= Administrative divisions of the Philippines =

The Philippines is divided into four levels of administrative divisions, with the lower three being defined in the Local Government Code of 1991 as local government units (LGUs). They are, from highest to lowest:
1. Regions (rehiyon), which are primarily used to organize national services. Of the 18 regions, only one—the Bangsamoro Autonomous Region in Muslim Mindanao—has an elected government to which the national government has devolved powers.
2. Provinces (lalawigan or probinsya), 82 in total, independent cities (malayang lungsod or siyudad), 38 in total and one independent municipality (Pateros)
3. Component cities (nakapaloob na lungsod or siyudad), 149 in total and municipalities (bayan or munisipalidad), 1,493 in total
4. Barangays (formerly known as, and sometimes still referred to as, barrios) within a city or municipality, 42,010 in total

Other divisions also exist for specific purposes, such as:
- Geographic island groups;
- Local administrative districts used by some local governments;
- Judicial regions for regional trial courts;
- Legislative districts for the election of representatives at the national, regional, and local levels;
- A special geographic area for the administration of Bangsamoro territory in Cotabato; and
- Special-purpose districts established for various government agencies.

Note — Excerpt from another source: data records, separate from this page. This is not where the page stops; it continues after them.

(* Let $G=(V,E)$ be a finite simple graph which is $S_{1,1,5}$-free, $K_4$-free, diamond-free and butterfly-free. Let $xy\in E$ and let $r$ be a vertex with $rx\in E$ and $ry\notin E$. For $i\ge 1$ let $N_i=\{z\in V:\operatorname{dist}_G(z,\{x,y\})=i\}$. Assume $N_2$ is an independent set and every vertex of $N_3$ has exactly one neighbor in $N_2$. If $|N_2|\ge 5$ and $N_5\ne\emptyset$, then $G[N_5]$ contains neither an induced path on three vertices nor a triangle.
   Context: $S_{1,1,5}$ is the tree with a center $u$ adjacent to $a$, $b$ and $z_1$, where $u,z_1,\dots,z_5$ is an induced path, and no other edges. A diamond is $K_4$ minus one edge; a butterfly consists of two disjoint edges (inducing $2K_2$) together with a vertex adjacent to all four of their endpoints. $\operatorname{dist}_G(z,\{x,y\})$ is the minimum of the distances from $z$ to $x$ and to $y$. *)

theory Defs
  imports Main
begin

definition simple_graph :: "'a set \<Rightarrow> ('a \<Rightarrow> 'a \<Rightarrow> bool) \<Rightarrow> bool" where
  "simple_graph V E \<longleftrightarrow> finite V \<and> (\<forall>u v. E u v \<longrightarrow> u \<in> V \<and> v \<in> V)
     \<and> (\<forall>u v. E u v \<longrightarrow> E v u) \<and> (\<forall>u. \<not> E u u)"

definition has_induced :: "'a set \<Rightarrow> ('a \<Rightarrow> 'a \<Rightarrow> bool) \<Rightarrow> nat \<Rightarrow> (nat \<Rightarrow> nat \<Rightarrow> bool) \<Rightarrow> bool" where
  "has_induced W E k H \<longleftrightarrow> (\<exists>f. inj_on f {..<k} \<and> f ` {..<k} \<subseteq> W \<and>
      (\<forall>i<k. \<forall>j<k. E (f i) (f j) \<longleftrightarrow> H i j))"

definition sym_edges :: "(nat \<times> nat) list \<Rightarrow> nat \<Rightarrow> nat \<Rightarrow> bool" where
  "sym_edges es i j \<longleftrightarrow> (i, j) \<in> set es \<or> (j, i) \<in> set es"

(* S_{1,1,5}: u=0, a=1, b=2, z1..z5 = 3..7; path u z1 ... z5. *)
definition S115 :: "nat \<Rightarrow> nat \<Rightarrow> bool" where
  "S115 = sym_edges [(0,1),(0,2),(0,3),(3,4),(4,5),(5,6),(6,7)]"

definition K4 :: "nat \<Rightarrow> nat \<Rightarrow> bool" where
  "K4 = sym_edges [(0,1),(0,2),(0,3),(1,2),(1,3),(2,3)]"

definition diamond :: "nat \<Rightarrow> nat \<Rightarrow> bool" where
  "diamond = sym_edges [(0,1),(0,2),(0,3),(1,2),(1,3)]"

definition butterfly :: "nat \<Rightarrow> nat \<Rightarrow> bool" where
  "butterfly = sym_edges [(1,2),(3,4),(0,1),(0,2),(0,3),(0,4)]"

definition P3 :: "nat \<Rightarrow> nat \<Rightarrow> bool" where
  "P3 = sym_edges [(0,1),(1,2)]"

definition K3 :: "nat \<Rightarrow> nat \<Rightarrow> bool" where
  "K3 = sym_edges [(0,1),(1,2),(0,2)]"

fun walk :: "'a set \<Rightarrow> ('a \<Rightarrow> 'a \<Rightarrow> bool) \<Rightarrow> nat \<Rightarrow> 'a \<Rightarrow> 'a \<Rightarrow> bool" where
  "walk V E 0 u v \<longleftrightarrow> u = v \<and> u \<in> V"
| "walk V E (Suc n) u v \<longleftrightarrow> (\<exists>w. E u w \<and> walk V E n w v)"

definition dist_set_eq :: "'a set \<Rightarrow> ('a \<Rightarrow> 'a \<Rightarrow> bool) \<Rightarrow> 'a \<Rightarrow> 'a set \<Rightarrow> nat \<Rightarrow> bool" where
  "dist_set_eq V E z S i \<longleftrightarrow> (\<exists>s\<in>S. walk V E i z s) \<and> (\<forall>j<i. \<forall>s\<in>S. \<not> walk V E j z s)"

definition layer :: "'a set \<Rightarrow> ('a \<Rightarrow> 'a \<Rightarrow> bool) \<Rightarrow> 'a \<Rightarrow> 'a \<Rightarrow> nat \<Rightarrow> 'a set" where
  "layer V E x y i = {z \<in> V. dist_set_eq V E z {x, y} i}"

end

(*
  Suppose a vertex b of N5 had two distinct neighbours a, c in N5. An edge lies in at most one
  triangle (no K4, no diamond), so one of them, say c, is not adjacent to the neighbour d4 of b
  in N4. Descending gives a path d1 d2 d3 d4 b c with d1 adjacent to x, say. Because N2 is
  independent and d3 has no N2-neighbour besides d2, this path is the long leg of an S_{1,1,5}
  around many low vertices. It follows that the vertices of N2 other than d2 have pairwise
  distinct neighbours in N1 that avoid d2, hence there are at least four such N1-vertices; a
  case distinction on the adjacency of d1 and y, using freeness of S_{1,1,5}, K4, diamond and
  butterfly, shows there are at most three.
*)
theory Submission
  imports Defs
begin

lemma card_le_2_if_no_three_distinct:
  assumes "finite S"
    and "\<And>a b c. a \<in> S \<Longrightarrow> b \<in> S \<Longrightarrow> c \<in> S \<Longrightarrow> a \<noteq> b \<Longrightarrow> a \<noteq> c \<Longrightarrow> b \<noteq> c \<Longrightarrow> False"
  shows "card S \<le> 2"
proof (rule ccontr)
  assume "\<not> card S \<le> 2"
  then obtain T where T: "T \<subseteq> S" "card T = 3"
    using obtain_subset_with_card_n[of 3 S] by force
  then obtain a b c where "T = {a, b, c}" "a \<noteq> b" "b \<noteq> c" "a \<noteq> c"
    unfolding card_3_iff by blast
  then show False
    using assms(2) T(1) by blast
qed

lemma has_induced_of_list:
  assumes "distinct vs" "set vs \<subseteq> W"
    and "\<forall>i<length vs. \<forall>j<length vs. E (vs ! i) (vs ! j) \<longleftrightarrow> H i j"
  shows "has_induced W E (length vs) H"
  unfolding has_induced_def
proof (intro exI[of _ "(!) vs"] conjI)
  show "inj_on ((!) vs) {..<length vs}"
    using assms(1) by (simp add: inj_on_def nth_eq_iff_index_eq)
  show "(!) vs ` {..<length vs} \<subseteq> W"
    using assms(2) by (auto simp: set_conv_nth)
qed (use assms(3) in auto)

lemma has_induced_3_path:
  assumes "has_induced W E 3 H" "H 0 1" "H 1 2"
  obtains a b c where "a \<in> W" "b \<in> W" "c \<in> W" "a \<noteq> c" "E a b" "E b c"
proof -
  obtain f where f: "inj_on f {..<3}" "f ` {..<3} \<subseteq> W" "\<forall>i<3. \<forall>j<3. E (f i) (f j) \<longleftrightarrow> H i j"
    using assms(1) unfolding has_induced_def by blast
  have "f 0 \<noteq> f 2"
    using inj_on_contraD[OF f(1), of 0 2] by simp
  with f(2,3) assms(2,3) show ?thesis
    by (intro that[of "f 0" "f 1" "f 2"]) auto
qed

lemma layer_sym: "layer V E x y = layer V E y x"
  unfolding layer_def dist_set_eq_def by (simp add: insert_commute)

lemma layer_subset: "layer V E x y i \<subseteq> V"
  unfolding layer_def by auto

lemma layer_unique: "z \<in> layer V E x y i \<Longrightarrow> z \<in> layer V E x y j \<Longrightarrow> i = j"
  unfolding layer_def dist_set_eq_def by (cases i j rule: linorder_cases) blast+

lemma layer_0: "x \<in> V \<Longrightarrow> y \<in> V \<Longrightarrow> layer V E x y 0 = {x, y}"
  unfolding layer_def dist_set_eq_def by auto

lemma layer_edge_le_Suc:
  assumes graph: "simple_graph V E" and u: "u \<in> layer V E x y i" and v: "v \<in> layer V E x y j"
    and "E u v"
  shows "j \<le> Suc i"
proof (rule ccontr)
  assume "\<not> j \<le> Suc i"
  from u obtain s where s: "s \<in> {x, y}" "walk V E i u s"
    unfolding layer_def dist_set_eq_def by auto
  have "E v u"
    using \<open>E u v\<close> graph by (auto simp: simple_graph_def)
  with s have "walk V E (Suc i) v s"
    by auto
  moreover have "\<forall>k<j. \<forall>s\<in>{x, y}. \<not> walk V E k v s"
    using v unfolding layer_def dist_set_eq_def by blast
  moreover have "Suc i < j"
    using \<open>\<not> j \<le> Suc i\<close> by simp
  ultimately show False
    using s(1) by blast
qed

lemma layer_Suc_lower_neighbour:
  assumes graph: "simple_graph V E" and z: "z \<in> layer V E x y (Suc i)"
  obtains w where "w \<in> layer V E x y i" "E z w"
proof -
  from z obtain s w where s: "s \<in> {x, y}" "E z w" "walk V E i w s"
    unfolding layer_def dist_set_eq_def by auto
  have "w \<in> V"
    using s(2) graph by (auto simp: simple_graph_def)
  moreover have "\<not> walk V E j w s'" if "j < i" "s' \<in> {x, y}" for j s'
  proof
    assume "walk V E j w s'"
    with s(2) have "walk V E (Suc j) z s'"
      by auto
    with z that show False
      unfolding layer_def dist_set_eq_def by auto
  qed
  ultimately have "w \<in> layer V E x y i"
    using s unfolding layer_def dist_set_eq_def by auto
  with s(2) show ?thesis
    using that by blast
qed

(*
  vs ! i is placed in layer ls ! i. Non-adjacency across non-consecutive layers and
  distinctness across different layers are automatic, so only the remaining pairs are checked.
*)
definition layered_copy ::
    "'a set \<Rightarrow> ('a \<Rightarrow> 'a \<Rightarrow> bool) \<Rightarrow> 'a \<Rightarrow> 'a \<Rightarrow> 'a list \<Rightarrow> nat list \<Rightarrow> (nat \<Rightarrow> nat \<Rightarrow> bool) \<Rightarrow> bool"
  where
  "layered_copy V E x y vs ls H \<longleftrightarrow> length ls = length vs \<and>
     (\<forall>i<length vs. vs ! i \<in> layer V E x y (ls ! i)) \<and>
     (\<forall>i<length vs. \<forall>j<length vs. H i j \<longrightarrow> E (vs ! i) (vs ! j)) \<and>
     (\<forall>i<length vs. \<forall>j<length vs. i \<noteq> j \<longrightarrow> \<not> H i j \<longrightarrow> ls ! i \<le> Suc (ls ! j) \<longrightarrow>
        ls ! j \<le> Suc (ls ! i) \<longrightarrow> \<not> E (vs ! i) (vs ! j)) \<and>
     (\<forall>i<length vs. \<forall>j<length vs. i \<noteq> j \<longrightarrow> ls ! i = ls ! j \<longrightarrow> vs ! i \<noteq> vs ! j)"

lemmas layered_copy_unfold = layered_copy_def All_less_Suc numeral_eq_Suc sym_edges_def

lemma has_induced_if_layered_copy:
  assumes graph: "simple_graph V E" and copy: "layered_copy V E x y vs ls H"
    and irrefl: "\<forall>i<length vs. \<not> H i i"
  shows "has_induced V E (length vs) H"
proof (rule has_induced_of_list)
  have in_layer: "\<forall>i<length vs. vs ! i \<in> layer V E x y (ls ! i)"
    using copy unfolding layered_copy_def by blast
  then show "set vs \<subseteq> V"
    using layer_subset by (fastforce simp: set_conv_nth)
  show "distinct vs"
    unfolding distinct_conv_nth
    using copy layer_unique in_layer unfolding layered_copy_def by metis
  show "\<forall>i<length vs. \<forall>j<length vs. E (vs ! i) (vs ! j) \<longleftrightarrow> H i j"
  proof (intro allI impI)
    fix i j assume "i < length vs" "j < length vs"
    moreover have "\<not> E (vs ! i) (vs ! j)" if "\<not> ls ! i \<le> Suc (ls ! j) \<or> \<not> ls ! j \<le> Suc (ls ! i)"
      using that layer_edge_le_Suc[OF graph] in_layer \<open>i < length vs\<close> \<open>j < length vs\<close> graph
      unfolding simple_graph_def by metis
    ultimately show "E (vs ! i) (vs ! j) \<longleftrightarrow> H i j"
      using copy irrefl graph unfolding layered_copy_def simple_graph_def by metis
  qed
qed

locale pattern_free_graph =
  fixes V :: "'a set" and E :: "'a \<Rightarrow> 'a \<Rightarrow> bool"
  assumes graph: "simple_graph V E"
    and S115_free: "\<not> has_induced V E 8 S115"
    and K4_free: "\<not> has_induced V E 4 K4"
    and diamond_free: "\<not> has_induced V E 4 diamond"
    and butterfly_free: "\<not> has_induced V E 5 butterfly"
begin

lemma E_sym: "E u v \<longleftrightarrow> E v u"
  using graph unfolding simple_graph_def by blast

lemma E_irrefl: "\<not> E u u"
  using graph unfolding simple_graph_def by blast

lemma E_neq: "E u v \<Longrightarrow> u \<noteq> v"
  using graph unfolding simple_graph_def by blast

lemma E_in_V: "E u v \<Longrightarrow> u \<in> V" "E u v \<Longrightarrow> v \<in> V"
  using graph unfolding simple_graph_def by blast+

lemma common_neighbour_of_edge_unique:
  assumes "E u v" "E u s" "E v s" "E u t" "E v t"
  shows "s = t"
proof (rule ccontr)
  assume "s \<noteq> t"
  have vs: "distinct [u, v, s, t]" "set [u, v, s, t] \<subseteq> V"
    using assms \<open>s \<noteq> t\<close> E_neq E_in_V E_sym by auto
  show False
  proof (cases "E s t")
    case True
    then have "has_induced V E 4 K4"
      using has_induced_of_list[OF vs, of E K4] assms
      by (simp add: All_less_Suc numeral_eq_Suc K4_def sym_edges_def E_sym E_irrefl)
    with K4_free show False ..
  next
    case False
    then have "has_induced V E 4 diamond"
      using has_induced_of_list[OF vs, of E diamond] assms
      by (simp add: All_less_Suc numeral_eq_Suc diamond_def sym_edges_def E_sym E_irrefl)
    with diamond_free show False ..
  qed
qed

end

locale edge_layering = pattern_free_graph +
  fixes x y :: 'a
  assumes edge_xy: "E x y"
    and N2_independent: "\<forall>u\<in>layer V E x y 2. \<forall>v\<in>layer V E x y 2. \<not> E u v"
    and N3_unique_lower_neighbour: "\<forall>z\<in>layer V E x y 3. card {w \<in> layer V E x y 2. E z w} = 1"
begin

abbreviation N :: "nat \<Rightarrow> 'a set" where "N \<equiv> layer V E x y"

lemma N_0: "N 0 = {x, y}"
  using layer_0 E_in_V edge_xy by metis

lemma lower_neighbour:
  assumes "z \<in> N i" "0 < i"
  obtains w where "w \<in> N (i - 1)" "E z w"
  using layer_Suc_lower_neighbour[OF graph, of z x y "i - 1"] assms by auto

lemma N1_adj_x_or_y: "q \<in> N 1 \<Longrightarrow> E q x \<or> E q y"
  using lower_neighbour[of q 1] N_0 by auto

lemma finite_layer: "finite (N i)"
  using graph layer_subset[of V E x y i] finite_subset unfolding simple_graph_def by metis

lemma no_layered_S115: "length vs = 8 \<Longrightarrow> \<not> layered_copy V E x y vs ls S115"
  using has_induced_if_layered_copy[OF graph] S115_free
  by (force simp: S115_def sym_edges_def)

lemma no_layered_butterfly: "length vs = 5 \<Longrightarrow> \<not> layered_copy V E x y vs ls butterfly"
  using has_induced_if_layered_copy[OF graph] butterfly_free
  by (force simp: butterfly_def sym_edges_def)

end

locale path_to_N5 = edge_layering +
  fixes d1 d2 d3 d4 b c :: 'a
  assumes path_layers: "d1 \<in> N 1" "d2 \<in> N 2" "d3 \<in> N 3" "d4 \<in> N 4" "b \<in> N 5" "c \<in> N 5"
    and path_edges: "E x d1" "E d1 d2" "E d2 d3" "E d3 d4" "E d4 b" "E b c"
    and no_chord: "\<not> E d4 c"
begin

== Administrative divisions ==

Map of the Philippines showing the location of all the regions and provinces.

=== Regions ===

==== Administrative regions ====
Administrative regions are groupings of geographically adjacent LGUs that are established, disestablished, and modified by the president of the Philippines based on the need to more coherently make economic development policies and coordinate the provision of national government services within a larger area beyond the province level. No plebiscites have been conducted so far to democratically confirm the creation, abolition, or alteration of the boundaries of regular administrative regions, as the Constitution does not mandate it.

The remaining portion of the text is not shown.